Es esa la nota dominante en Reyes Huertas: la de su extremeñismo total, sin que por ello se caiga en el equívoco de que tales valores relativos le sustraigan al mensaje universal que subyace en todas sus obras.

Cuando se publica La sangre de la raza, se topa con un despectivo silencio de los sectores culteranos que repudian entonces los tintes pintorescos de la literatura localista, pero tal silencio se vio compensado con el indiscutible éxito en los ambientes populares; éxito que se ha querido explicar tanto como secuela de la trama sencilla y asequible del relato, como de la encarnación de sus personajes en el terruño por el que tanto amor siente y transfunde el autor, sin soslayar los dictados moralizantes tan del gusto tradicional en las estructuras de ese tiempo. Hay que añadir la importancia lingüística de su léxico: no se olvide que Reyes Huertas tuvo propósitos fallidos de publicar un Vocabulario extremeño; el recurso constante a las tradiciones y el folklore; a la exaltación y exultación por cuanto viene a valorizar y vigorizar el esquema social que tan acertadamente nos presenta y defiende y al que por entero se debe.
De todo resultan esos tipos, con nombres corrientes en cualquier aldea, con gráficos motes, que se presentan como la más exacta encarnación antropológica de sus modelos vivientes. Se pueden estudiar en las narraciones de Reyes Huertas con la misma inmediatez que en la vida real, con la ventaja incluso de los matices que él sabe captar y descubrirnos; más que creaciones suyas personales son calcos de esos tipos simpáticos, a la vez alegres y dolientes, que el autor se topa, cargados con sus propias vidas, haciéndonos sentir en profundidad el calor de sus problemas o la placidez de sus conformidades en base a su recia filosofía cazurra, aprendida en el tajo, al calorcillo del fuego hogareño o en las conversaciones del corro o la tabernilla; con afirmaciones que bien pudieran figurar en las páginas de un florilegio.

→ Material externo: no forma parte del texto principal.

(* Let $(X,d)$ be a compact metric space and $f:X\to X$ a cw-expansive homeomorphism. Then for every $\varepsilon>0$ there exists $\delta>0$ such that for every $x\in X$ whose $\omega$-limit set $\omega(x)$ contains a point at which $X$ is locally connected, either $x$ is a periodic source or $\operatorname{diam} CW^s_\varepsilon(x)\ge\delta$.
   Context: A homeomorphism $f:X\to X$ of a compact metric space is continuum-wise expansive (cw-expansive) if there is a constant $\alpha>0$ such that $\sup_{n\in\mathbb Z}\operatorname{diam} f^n(C)>\alpha$ for every continuum $C\subset X$ containing more than one point. For $\varepsilon>0$ and $x\in X$: $W^s_\varepsilon(x)=\{y\in X:\ d(f^n(x),f^n(y))\le\varepsilon \text{ for all } n\ge 0\}$, $W^u_\varepsilon(x)=\{y\in X:\ d(f^{-n}(x),f^{-n}(y))\le\varepsilon \text{ for all } n\ge 0\}$, $CW^s_\varepsilon(x)$ is the connected component of $W^s_\varepsilon(x)$ containing $x$, and $W^u(x)=\{y:\ d(f^{-n}(x),f^{-n}(y))\to0\}$. A point $x$ is a source if $W^u_\varepsilon(x)$ is a neighborhood of $x$ for every $\varepsilon>0$ and there exists $\varepsilon>0$ with $W^u_\varepsilon(x)\subset W^u(x)$. $\omega(x)$ is the set of limits of sequences $f^{n_k}(x)$ with $n_k\to\infty$. $X$ is locally connected at $z$ if every neighborhood of $z$ contains a connected neighborhood of $z$. *)

theory Defs
  imports "HOL-Analysis.Analysis"
begin

text \<open>Dynamics of a homeomorphism f of a compact metric space X, with inverse g
  (i.e. homeomorphism X X f g). Integer iterates:\<close>

definition iterz :: "('a \<Rightarrow> 'a) \<Rightarrow> ('a \<Rightarrow> 'a) \<Rightarrow> int \<Rightarrow> 'a \<Rightarrow> 'a" where
  "iterz f g n = (if n \<ge> 0 then f ^^ nat n else g ^^ nat (- n))"

definition cw_expansive :: "'a::metric_space set \<Rightarrow> ('a \<Rightarrow> 'a) \<Rightarrow> ('a \<Rightarrow> 'a) \<Rightarrow> bool" where
  "cw_expansive X f g \<longleftrightarrow> (\<exists>\<alpha>>0. \<forall>C. C \<subseteq> X \<and> compact C \<and> connected C \<and> (\<exists>x\<in>C. \<exists>y\<in>C. x \<noteq> y)
      \<longrightarrow> (SUP n. ereal (diameter (iterz f g n ` C))) > ereal \<alpha>)"

definition Ws :: "'a::metric_space set \<Rightarrow> ('a \<Rightarrow> 'a) \<Rightarrow> real \<Rightarrow> 'a \<Rightarrow> 'a set" where
  "Ws X f \<epsilon> x = {y \<in> X. \<forall>n::nat. dist ((f ^^ n) x) ((f ^^ n) y) \<le> \<epsilon>}"

definition Wu_eps :: "'a::metric_space set \<Rightarrow> ('a \<Rightarrow> 'a) \<Rightarrow> real \<Rightarrow> 'a \<Rightarrow> 'a set" where
  "Wu_eps X g \<epsilon> x = {y \<in> X. \<forall>n::nat. dist ((g ^^ n) x) ((g ^^ n) y) \<le> \<epsilon>}"

definition CWs :: "'a::metric_space set \<Rightarrow> ('a \<Rightarrow> 'a) \<Rightarrow> real \<Rightarrow> 'a \<Rightarrow> 'a set" where
  "CWs X f \<epsilon> x = connected_component_set (Ws X f \<epsilon> x) x"

definition Wu :: "'a::metric_space set \<Rightarrow> ('a \<Rightarrow> 'a) \<Rightarrow> 'a \<Rightarrow> 'a set" where
  "Wu X g x = {y \<in> X. (\<lambda>n. dist ((g ^^ n) x) ((g ^^ n) y)) \<longlonglongrightarrow> 0}"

Especialmente las Estampas campesinas sobresalen al ofrecernos así sus personajes. Lo decía el mismo Reyes Huertas: «En mis novelas el paisaje está subordinado a la acción En mis estampas campesinas es la acción la que está subordinada al paisaje.» A esos personajes termina entregándose el lector, porque fueron los que encandilaron al autor.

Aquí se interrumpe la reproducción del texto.